Etwa 100 Jahre nach Christi Geburt schrieb der römische Dichter Juvenal (Decimus Iunius Iuvenalis): „Orandum est ut sit mens sana in corpore sano – Man sollte darum beten, dass ein gesunder Geist in einem gesunden Körper sei.“ Das ist ein ganz schlichter Wunsch: Körper und Geist sollen beide gesund sein.

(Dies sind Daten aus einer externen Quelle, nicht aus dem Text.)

lemma unit_eigenvector:
  fixes A :: "real mat"
  assumes "v \<in> carrier_vec n" "v \<noteq> 0\<^sub>v n" "A \<in> carrier_mat n n" "A *\<^sub>v v = r \<cdot>\<^sub>v v"
  defines "u \<equiv> (1 / sqrt (v \<bullet> v)) \<cdot>\<^sub>v v"
  shows "u \<in> carrier_vec n" "u \<bullet> u = 1" "A *\<^sub>v u = r \<cdot>\<^sub>v u"
proof -
  have "0 < v \<bullet> v" using conjugate_square_greater_0_vec[OF assms(1)] assms(2) by simp
  then show "u \<in> carrier_vec n" "u \<bullet> u = 1" "A *\<^sub>v u = r \<cdot>\<^sub>v u"
    unfolding u_def using assms(1,3,4)
    by (auto simp: mult_mat_vec smult_smult_assoc mult.commute real_sqrt_mult[symmetric] field_simps)
qed

lemma orthogonal_decomposition_conj_involution:
  fixes A H F D :: "real mat"
  assumes H: "H \<in> carrier_mat n n" "transpose_mat H = H" "H * H = 1\<^sub>m n"
    and F: "F \<in> carrier_mat n n" "transpose_mat F * F = 1\<^sub>m n"
    and A: "A \<in> carrier_mat n n" and D: "D \<in> carrier_mat n n"
    and FDF: "F * D * transpose_mat F = H * A * H"
  shows "transpose_mat (H * F) * (H * F) = 1\<^sub>m n" "A = (H * F) * D * transpose_mat (H * F)"
proof -
  have Ut: "transpose_mat (H * F) = transpose_mat F * H"
    using H F(1) by (simp add: transpose_mult[of H])
  have "transpose_mat F * H * (H * F) = transpose_mat F * ((H * H) * F)"
    using H(1) F(1) by (simp add: assoc_mult_mat[of _ n n _ n _ n])
  then show "transpose_mat (H * F) * (H * F) = 1\<^sub>m n" unfolding Ut using H(3) F by simp
  have "(H * F) * D * (transpose_mat F * H) = H * (F * D * transpose_mat F) * H"
    using H(1) F(1) D by (simp add: assoc_mult_mat[of _ n n _ n _ n])
  also have "\<dots> = H * (H * (A * H)) * H" unfolding FDF using A H by simp
  also have "H * (H * (A * H)) = A * H"
    using assoc_mult_mat[OF H(1) H(1), of "A * H" n] A H by simp
  also have "A * H * H = A" using A H by simp
  finally show "A = (H * F) * D * transpose_mat (H * F)" unfolding Ut by simp
qed

lemma real_symmetric_orthogonally_diagonalizable:
  fixes A :: "real mat"
  assumes "A \<in> carrier_mat n n" "transpose_mat A = A"
  shows "\<exists>U e. U \<in> carrier_mat n n \<and> transpose_mat U * U = 1\<^sub>m n \<and> A = U * mat_diag n e * transpose_mat U"
  using assms
proof (induction n arbitrary: A)
  case 0
  then show ?case by (intro exI[of _ "1\<^sub>m 0"] exI) (auto intro!: eq_matI)
next
  case (Suc n)
  note A = Suc.prems
  obtain r v where "v \<in> carrier_vec (Suc n)" "v \<noteq> 0\<^sub>v (Suc n)" "A *\<^sub>v v = r \<cdot>\<^sub>v v"
    using real_symmetric_eigenvector[OF A] by auto
  from unit_eigenvector[OF this(1,2) A(1) this(3)]
  obtain u where u: "u \<in> carrier_vec (Suc n)" "u \<bullet> u = 1" "A *\<^sub>v u = r \<cdot>\<^sub>v u" by blast
  define R where "R = mat 1 1 (\<lambda>_. r)"
  obtain H where H: "H \<in> carrier_mat (Suc n) (Suc n)" "transpose_mat H = H" "H * H = 1\<^sub>m (Suc n)"
    "col H 0 = u"
    using householder_reflection[OF u(1,2)] by auto
  obtain B where B: "B \<in> carrier_mat n n" "transpose_mat B = B"
    "H * A * H = four_block_mat R (0\<^sub>m 1 n) (0\<^sub>m n 1) B"
    using reflection_deflates[OF A H(1-3)] u(3) H(4) unfolding R_def by blast
  obtain U' e' where U': "U' \<in> carrier_mat n n" "transpose_mat U' * U' = 1\<^sub>m n"
    "B = U' * mat_diag n e' * transpose_mat U'"
    using Suc.IH[OF B(1,2)] by blast
  define F where "F = four_block_mat (1\<^sub>m 1) (0\<^sub>m 1 n) (0\<^sub>m n 1) U'"
  have "R \<in> carrier_mat 1 1" unfolding R_def by simp
  note F = orthogonal_block_extension[OF U'(1,2) this mat_diag_dim, folded F_def]
  define e where "e = case_nat r e'"
  have "F * mat_diag (Suc n) e * transpose_mat F = H * A * H"
    unfolding mat_diag_Suc B(3) U'(3) e_def using F(3) by (simp add: R_def)
  from orthogonal_decomposition_conj_involution[OF H(1-3) F(1,2) A(1) mat_diag_dim this]
  show ?case using H(1) F(1) by (intro exI[of _ "H * F"] exI[of _ e]) simp
qed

Ein paar Jahrzehnte zuvor war der 1. Timotheusbrief entstanden, in dem wir lesen: „Übe dich in der Frömmigkeit! Denn körperliche Übung nützt nur wenig, die Frömmigkeit aber ist nützlich zu allem: Ihr ist das gegenwärtige und das zukünftige Leben verheißen.“ (1 Tim 4,7b.8) Da liegt der Fokus eher auf der seelischen Gesundheit. Aber auch das ist ein nüchterner Satz.
Körper, Geist und Seele sollen gesund bleiben oder zumindest gesund werden.
Unsere Welt sorgt aber dafür, dass genau das Gegenteil passiert. Dabei ist es müßig, zum Beispiel all die Länder zu zählen, in denen gerade Krieg herrscht – es werden ständig mehr. Oder die Anzahl der Menschen, die auf der Flucht sind. Die durch Waffen und Gewalt und Hunger und vermeidbare Krankheiten sterben. Die keine Schule besuchen können aufgrund ihres Geschlechtes, ihres Glaubens, ihrer Hautfarbe oder einer anderen menschlichen Eigenschaft, die von meist männlichen Machthabern abgelehnt und brutal verfolgt wird. Schutzlose Menschen, die aus allem ausgeschlossen werden, das für seelische, körperliche oder geistige Gesundheit relevant wäre.
Ich schaue noch einmal in die Bibel.
Auch wenn das Wort Frömmigkeit im 1. Brief an Timotheus veraltet klingen mag: Es geht dem Schreiber der biblischen Zeilen darum, Timotheus und seine Gemeinde zu ermuntern, nicht nachzulassen im Kontakt mit Gott. Das Wort im griechischen Originaltext lautet εὐσέβεια (eusebeia) und wird in verschiedenen Sprachen unterschiedlich übersetzt. Englisch ist es devotion, Hingabe (an Gott). Französisch piété, Spanisch piedad, Italienisch pietà, ursprünglich im Lateinischen pietas mit der BedeutungPflichtbewusstsein, schwingt bei diesen Sprachen heute auch Ehrfurcht und Respekt mit. Diese Sprachen betonen eher die Haltung, während das Englische oft die Widmung des ganzen Lebens an Gott meint.
Ich finde, dass wir von allem etwas gebrauchen können. Wir brauchen sowohl die richtige Haltung von Ehrfurcht und Respekt als auch die Hingabe unseres Lebens an Gott. Denn das ist die Basis, um Zeichen des Friedens und der Gerechtigkeit in unserer Welt setzen zu können. Und wir brauchen Frieden und Gerechtigkeit, damit die Kriege aufhören und die Menschen als gleichwertig gesehen und behandelt werden.
Zur Frömmigkeit gehört das Gebet wie das Atmen zum Menschen. Selbst Juvenal, der ein großer Satiriker und Religionskritiker war, ruft ja zum Gebet auf (Orandum est…). Lassen wir daher keine Gelegenheit aus und beten wir um Frieden. Und lassen wir zu, dass wir uns verändern hin zu Menschen, die daran glauben, dass ihnen „das gegenwärtige und das zukünftige Leben verheißen“ ist.